The way to navigate this and to stay ahead of the trends is to establish a strategy that can adapt as technology evolves. Looking back at the almost 80% of companies that are Standardized or below in their technology strategies, it is not surprising to find out that exploring new technologies is not one of their top 3 priorities. Being stuck in the old way of doing things without any vision for the future seems to impact how well they explore and plan for new technologies. It is the number one priority for companies in the Optimized/Innovative group.
This is even more evident when looking at the data that shows that companies without a clear strategy do not see the importance in informal learning. In every category, businesses in the Optimized/Innovative category were more likely to say that technology is essential.
Importance of Informal Learning Functionality (Essential/Critical)
Source: 2016 Brandon Hall Group Learning Technology Study
Why strategy matters
Even though technology and learning have had some kind of connection for years now, many companies are still having trouble incorporating external technologies into their learning structures. Leaders can identify ways that technology can impact their L&D programs (online certificates, massive open online courses/MOOCs, and social media learning) but 61% of executives state they have problems moving their organizations toward these types of learning styles.
When companies have a clear strategy about incorporating technology into their L&D programs, they are more satisfied with technology.
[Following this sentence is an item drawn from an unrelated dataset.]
(* Let $n\ge2$, let $\delta_n=(n-1,n-2,\ldots,2,1)$, and let $\lambda\subseteq\delta_n$ be a partition. Define $\varphi$ on $n\times n$ matrices $M$ by $\varphi(M)_{ij}=M_{ij}+1$ if $j=n-i+2$ (so $2\le i\le n$), and $\varphi(M)_{ij}=M_{ij}$ otherwise. Then $\varphi$ is an integral equivalence from $\mathrm{PASM}(\delta_n/\lambda,n,n)$ onto $\mathrm{ASMCRY}(\lambda,n)$.
   Context: A partition $\mu=(\mu_1\ge\mu_2\ge\cdots)$ is a weakly decreasing sequence of nonnegative integers with finitely many nonzero terms, identified with the set of matrix positions $\{(i,j):i\ge1,1\le j\le\mu_i\}$; $\mu\subseteq\nu$ means $\mu_i\le\nu_i$ for all $i$. For $\mu\subseteq\delta_n$, the $n\times n$ matrix $M^\mu$ has entries $M^\mu_{1,\mu_1+1}=1$; for each $1\le k\le n-1$ with $\mu_k>\mu_{k+1}$, $M^\mu_{k+1,\mu_{k+1}+1}=1$ and $M^\mu_{k+1,\mu_k+1}=-1$; all other entries $0$. $\mathrm{PASM}(\delta_n/\lambda,n,n)$ is the convex hull in $\mathbb{R}^{n^2}$ of $\{M^\mu:\lambda\subseteq\mu\subseteq\delta_n\}$. An $n\times n$ alternating sign matrix is a matrix with entries in $\{-1,0,1\}$ whose partial column sums $\sum_{i'\le i}M_{i'j}$ and partial row sums $\sum_{j'\le j}M_{ij'}$ all lie in $\{0,1\}$ and whose every full row and column sum equals $1$; $\mathrm{ASM}(n)$ is the convex hull of these. $\mathrm{ASMCRY}(\lambda,n)=\{(a_{ij})\in\mathrm{ASM}(n): a_{ij}=0 \text{ whenever } i+j\ge n+3 \text{ or } (i,j)\in\lambda\}$. An integral equivalence between integer polytopes $\mathcal{P}\subset\mathbb{R}^d$, $\mathcal{Q}\subset\mathbb{R}^r$ is an affine map $\mathbb{R}^d\to\mathbb{R}^r$ mapping $\mathcal{P}$ bijectively onto $\mathcal{Q}$ and $\mathbb{Z}^d\cap\mathrm{aff}(\mathcal{P})$ bijectively onto $\mathbb{Z}^r\cap\mathrm{aff}(\mathcal{Q})$. *)

theory Defs
  imports "HOL-Analysis.Analysis" "HOL-Library.Function_Algebras"
begin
In the Standardized group, the average score for satisfaction is around 2, on a 4-point scale. For the Optimized/Innovative group the score the average is closer to 2.5.
Satisfaction Rate for Experiential Learning Functionality (4-point scale)
Working with, not against, technology
Businesses with the most success are changing how they view learning and development, as the business environment evolves. They create an employee-centric process where learning is a continuous event that the entire company is a part of.
No longer is learning and development a periodic event managed by HR. It is more important than ever to understand the changes in the business world, how technology impacts business and learning, and creating plans to adapt to these changes.